__What you are asked to do__: Would you return, word for word, the lines of the data below from the line with "then show ?thesis by (simp add: card_cartesian_product)" through the line with "S) \<subseteq> A", and no others?

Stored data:
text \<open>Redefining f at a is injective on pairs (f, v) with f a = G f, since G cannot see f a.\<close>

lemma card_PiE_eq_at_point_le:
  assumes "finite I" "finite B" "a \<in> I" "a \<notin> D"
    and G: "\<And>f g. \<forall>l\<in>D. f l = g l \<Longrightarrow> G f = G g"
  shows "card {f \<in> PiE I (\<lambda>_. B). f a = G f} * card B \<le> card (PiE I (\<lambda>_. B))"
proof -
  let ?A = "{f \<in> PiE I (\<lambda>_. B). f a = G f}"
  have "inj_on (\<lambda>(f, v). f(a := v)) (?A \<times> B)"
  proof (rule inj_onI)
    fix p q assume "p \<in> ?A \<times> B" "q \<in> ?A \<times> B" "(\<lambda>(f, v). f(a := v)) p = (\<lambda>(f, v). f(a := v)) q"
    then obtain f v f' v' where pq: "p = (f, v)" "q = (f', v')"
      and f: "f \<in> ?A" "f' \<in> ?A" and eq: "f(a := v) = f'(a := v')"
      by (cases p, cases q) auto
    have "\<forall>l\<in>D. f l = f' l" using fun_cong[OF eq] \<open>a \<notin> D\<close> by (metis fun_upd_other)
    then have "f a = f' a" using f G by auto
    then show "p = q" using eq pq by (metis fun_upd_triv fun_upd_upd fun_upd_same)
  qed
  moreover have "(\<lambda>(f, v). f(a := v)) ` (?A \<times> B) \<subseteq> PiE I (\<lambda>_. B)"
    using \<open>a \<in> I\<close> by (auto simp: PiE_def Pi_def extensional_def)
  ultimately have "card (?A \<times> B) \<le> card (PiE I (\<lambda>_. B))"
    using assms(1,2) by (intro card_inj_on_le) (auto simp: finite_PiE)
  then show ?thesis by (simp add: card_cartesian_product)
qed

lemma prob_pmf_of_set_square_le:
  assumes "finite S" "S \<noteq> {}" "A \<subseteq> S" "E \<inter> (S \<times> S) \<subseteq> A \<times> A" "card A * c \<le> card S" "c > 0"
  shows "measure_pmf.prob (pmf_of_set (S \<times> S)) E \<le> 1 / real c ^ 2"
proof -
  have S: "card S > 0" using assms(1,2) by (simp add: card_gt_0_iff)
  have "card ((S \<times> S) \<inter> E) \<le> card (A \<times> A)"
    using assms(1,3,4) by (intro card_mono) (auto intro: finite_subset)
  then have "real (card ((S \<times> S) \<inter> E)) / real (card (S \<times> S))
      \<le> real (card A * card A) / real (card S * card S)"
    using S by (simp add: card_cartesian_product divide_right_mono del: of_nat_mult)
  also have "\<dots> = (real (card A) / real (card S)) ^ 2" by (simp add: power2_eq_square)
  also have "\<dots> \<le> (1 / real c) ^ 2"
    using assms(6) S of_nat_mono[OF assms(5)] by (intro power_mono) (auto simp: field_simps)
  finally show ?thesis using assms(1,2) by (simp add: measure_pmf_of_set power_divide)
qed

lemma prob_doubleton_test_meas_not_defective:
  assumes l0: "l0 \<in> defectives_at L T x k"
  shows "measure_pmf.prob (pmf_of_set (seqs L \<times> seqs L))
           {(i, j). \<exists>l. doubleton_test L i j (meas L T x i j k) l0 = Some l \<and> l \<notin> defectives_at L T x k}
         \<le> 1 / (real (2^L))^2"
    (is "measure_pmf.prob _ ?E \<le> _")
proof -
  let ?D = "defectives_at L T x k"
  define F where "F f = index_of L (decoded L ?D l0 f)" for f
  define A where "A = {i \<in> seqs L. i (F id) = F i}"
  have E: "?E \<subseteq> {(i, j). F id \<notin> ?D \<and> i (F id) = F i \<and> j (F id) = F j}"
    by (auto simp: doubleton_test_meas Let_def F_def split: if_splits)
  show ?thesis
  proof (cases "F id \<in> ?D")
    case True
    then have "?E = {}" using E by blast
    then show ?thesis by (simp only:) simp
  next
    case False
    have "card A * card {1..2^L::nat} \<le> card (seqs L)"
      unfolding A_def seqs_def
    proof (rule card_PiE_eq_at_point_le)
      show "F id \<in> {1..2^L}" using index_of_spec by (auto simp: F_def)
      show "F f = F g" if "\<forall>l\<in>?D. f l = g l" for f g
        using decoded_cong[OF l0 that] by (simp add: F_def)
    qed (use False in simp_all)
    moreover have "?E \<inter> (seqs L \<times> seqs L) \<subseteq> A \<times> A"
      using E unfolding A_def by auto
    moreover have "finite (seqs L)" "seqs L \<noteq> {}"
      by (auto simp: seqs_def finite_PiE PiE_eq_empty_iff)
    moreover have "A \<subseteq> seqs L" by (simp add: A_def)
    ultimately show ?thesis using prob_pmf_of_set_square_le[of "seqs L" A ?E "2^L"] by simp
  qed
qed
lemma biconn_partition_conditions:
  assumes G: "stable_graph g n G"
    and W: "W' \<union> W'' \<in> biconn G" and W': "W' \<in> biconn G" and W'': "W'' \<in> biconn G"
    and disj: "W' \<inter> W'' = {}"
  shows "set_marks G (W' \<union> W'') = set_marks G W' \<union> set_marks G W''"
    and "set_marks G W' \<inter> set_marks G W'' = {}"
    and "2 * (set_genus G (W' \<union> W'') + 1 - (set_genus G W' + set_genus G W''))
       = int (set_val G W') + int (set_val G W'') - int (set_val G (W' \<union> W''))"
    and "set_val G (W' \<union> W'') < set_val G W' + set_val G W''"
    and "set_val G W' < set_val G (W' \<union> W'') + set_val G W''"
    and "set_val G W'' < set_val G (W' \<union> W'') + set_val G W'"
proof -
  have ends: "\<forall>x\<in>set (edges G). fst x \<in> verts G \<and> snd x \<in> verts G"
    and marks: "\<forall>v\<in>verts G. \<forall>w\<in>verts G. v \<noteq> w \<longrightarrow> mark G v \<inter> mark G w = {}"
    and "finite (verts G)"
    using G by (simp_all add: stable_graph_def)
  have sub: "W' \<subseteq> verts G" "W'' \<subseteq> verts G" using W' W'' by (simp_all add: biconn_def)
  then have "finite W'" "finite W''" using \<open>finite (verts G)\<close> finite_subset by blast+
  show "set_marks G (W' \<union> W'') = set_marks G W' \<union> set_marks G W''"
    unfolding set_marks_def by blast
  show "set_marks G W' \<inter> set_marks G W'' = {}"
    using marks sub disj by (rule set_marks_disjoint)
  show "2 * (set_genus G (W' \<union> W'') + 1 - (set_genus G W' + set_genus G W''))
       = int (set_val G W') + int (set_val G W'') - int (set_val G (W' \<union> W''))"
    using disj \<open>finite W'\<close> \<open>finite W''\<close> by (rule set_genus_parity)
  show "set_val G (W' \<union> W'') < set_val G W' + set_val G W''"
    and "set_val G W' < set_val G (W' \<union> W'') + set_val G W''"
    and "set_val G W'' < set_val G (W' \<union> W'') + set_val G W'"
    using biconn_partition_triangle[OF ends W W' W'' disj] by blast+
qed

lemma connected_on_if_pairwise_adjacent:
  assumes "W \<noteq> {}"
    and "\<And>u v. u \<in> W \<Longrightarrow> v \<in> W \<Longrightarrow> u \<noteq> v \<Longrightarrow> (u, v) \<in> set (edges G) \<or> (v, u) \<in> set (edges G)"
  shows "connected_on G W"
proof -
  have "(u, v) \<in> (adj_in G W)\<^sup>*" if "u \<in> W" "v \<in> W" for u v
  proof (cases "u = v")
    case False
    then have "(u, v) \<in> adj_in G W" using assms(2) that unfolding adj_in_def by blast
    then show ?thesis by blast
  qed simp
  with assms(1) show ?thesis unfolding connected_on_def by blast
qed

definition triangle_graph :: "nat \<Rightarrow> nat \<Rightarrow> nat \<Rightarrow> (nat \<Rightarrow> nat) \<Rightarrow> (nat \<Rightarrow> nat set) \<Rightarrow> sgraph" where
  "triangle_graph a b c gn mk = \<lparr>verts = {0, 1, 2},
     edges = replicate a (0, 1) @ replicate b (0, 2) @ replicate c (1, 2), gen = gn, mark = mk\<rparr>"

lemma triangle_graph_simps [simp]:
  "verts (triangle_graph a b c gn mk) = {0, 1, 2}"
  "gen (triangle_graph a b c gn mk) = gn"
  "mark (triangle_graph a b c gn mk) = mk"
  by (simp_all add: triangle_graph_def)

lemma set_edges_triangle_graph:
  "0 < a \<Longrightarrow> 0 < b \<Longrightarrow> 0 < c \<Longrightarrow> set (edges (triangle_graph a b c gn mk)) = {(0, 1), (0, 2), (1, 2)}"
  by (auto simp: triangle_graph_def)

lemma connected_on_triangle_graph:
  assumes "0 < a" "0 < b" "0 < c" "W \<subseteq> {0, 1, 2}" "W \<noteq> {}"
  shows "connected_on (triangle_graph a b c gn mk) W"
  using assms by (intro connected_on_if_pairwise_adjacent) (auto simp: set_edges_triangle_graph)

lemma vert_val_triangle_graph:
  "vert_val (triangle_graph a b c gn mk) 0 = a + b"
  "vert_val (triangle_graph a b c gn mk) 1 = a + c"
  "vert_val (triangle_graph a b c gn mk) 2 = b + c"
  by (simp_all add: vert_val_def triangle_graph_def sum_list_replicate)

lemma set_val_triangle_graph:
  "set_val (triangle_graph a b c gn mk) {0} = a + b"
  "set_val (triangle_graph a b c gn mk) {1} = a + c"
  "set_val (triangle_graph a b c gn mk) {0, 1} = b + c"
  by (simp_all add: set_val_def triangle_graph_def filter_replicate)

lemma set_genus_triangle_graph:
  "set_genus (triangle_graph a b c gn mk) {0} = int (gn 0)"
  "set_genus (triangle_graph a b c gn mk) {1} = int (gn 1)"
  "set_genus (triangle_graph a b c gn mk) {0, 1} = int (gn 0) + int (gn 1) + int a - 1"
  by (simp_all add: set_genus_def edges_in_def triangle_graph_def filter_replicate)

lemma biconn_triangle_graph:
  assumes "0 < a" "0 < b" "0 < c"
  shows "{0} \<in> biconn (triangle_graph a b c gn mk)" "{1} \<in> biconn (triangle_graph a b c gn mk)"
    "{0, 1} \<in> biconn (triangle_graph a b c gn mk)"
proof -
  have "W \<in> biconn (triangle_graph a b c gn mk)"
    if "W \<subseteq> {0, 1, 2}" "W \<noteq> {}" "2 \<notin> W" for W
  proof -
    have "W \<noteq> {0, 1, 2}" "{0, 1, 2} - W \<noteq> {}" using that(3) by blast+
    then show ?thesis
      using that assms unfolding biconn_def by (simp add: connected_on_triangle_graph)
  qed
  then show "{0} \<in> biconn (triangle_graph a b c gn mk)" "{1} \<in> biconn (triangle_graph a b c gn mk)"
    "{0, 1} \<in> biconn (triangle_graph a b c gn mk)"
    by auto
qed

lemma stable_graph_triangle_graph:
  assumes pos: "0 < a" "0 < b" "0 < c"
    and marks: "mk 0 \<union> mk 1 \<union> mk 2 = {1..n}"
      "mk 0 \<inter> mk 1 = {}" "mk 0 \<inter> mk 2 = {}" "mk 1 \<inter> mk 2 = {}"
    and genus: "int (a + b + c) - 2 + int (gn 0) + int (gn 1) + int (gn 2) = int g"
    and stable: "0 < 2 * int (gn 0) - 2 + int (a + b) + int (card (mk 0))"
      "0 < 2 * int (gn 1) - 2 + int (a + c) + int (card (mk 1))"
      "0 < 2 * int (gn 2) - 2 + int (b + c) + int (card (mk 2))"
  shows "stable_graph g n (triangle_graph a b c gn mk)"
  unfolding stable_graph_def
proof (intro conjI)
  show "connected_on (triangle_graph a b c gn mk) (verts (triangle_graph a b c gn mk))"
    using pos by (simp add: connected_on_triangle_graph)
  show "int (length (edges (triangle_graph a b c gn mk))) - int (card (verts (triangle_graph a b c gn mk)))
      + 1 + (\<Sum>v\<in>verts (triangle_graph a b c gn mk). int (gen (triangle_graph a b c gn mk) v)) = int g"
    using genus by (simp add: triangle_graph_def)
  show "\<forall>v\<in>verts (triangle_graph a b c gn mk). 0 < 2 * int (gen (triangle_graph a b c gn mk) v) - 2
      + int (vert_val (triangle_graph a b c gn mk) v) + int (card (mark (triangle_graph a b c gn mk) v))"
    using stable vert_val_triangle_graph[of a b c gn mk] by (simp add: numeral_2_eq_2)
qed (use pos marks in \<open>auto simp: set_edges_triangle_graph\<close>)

__Finished exercise__:
  then show ?thesis by (simp add: card_cartesian_product)
qed

lemma prob_pmf_of_set_square_le:
  assumes "finite S" "S \<noteq> {}" "A \<subseteq> S" "E \<inter> (S \<times> S) \<subseteq> A \<times> A" "card A * c \<le> card S" "c > 0"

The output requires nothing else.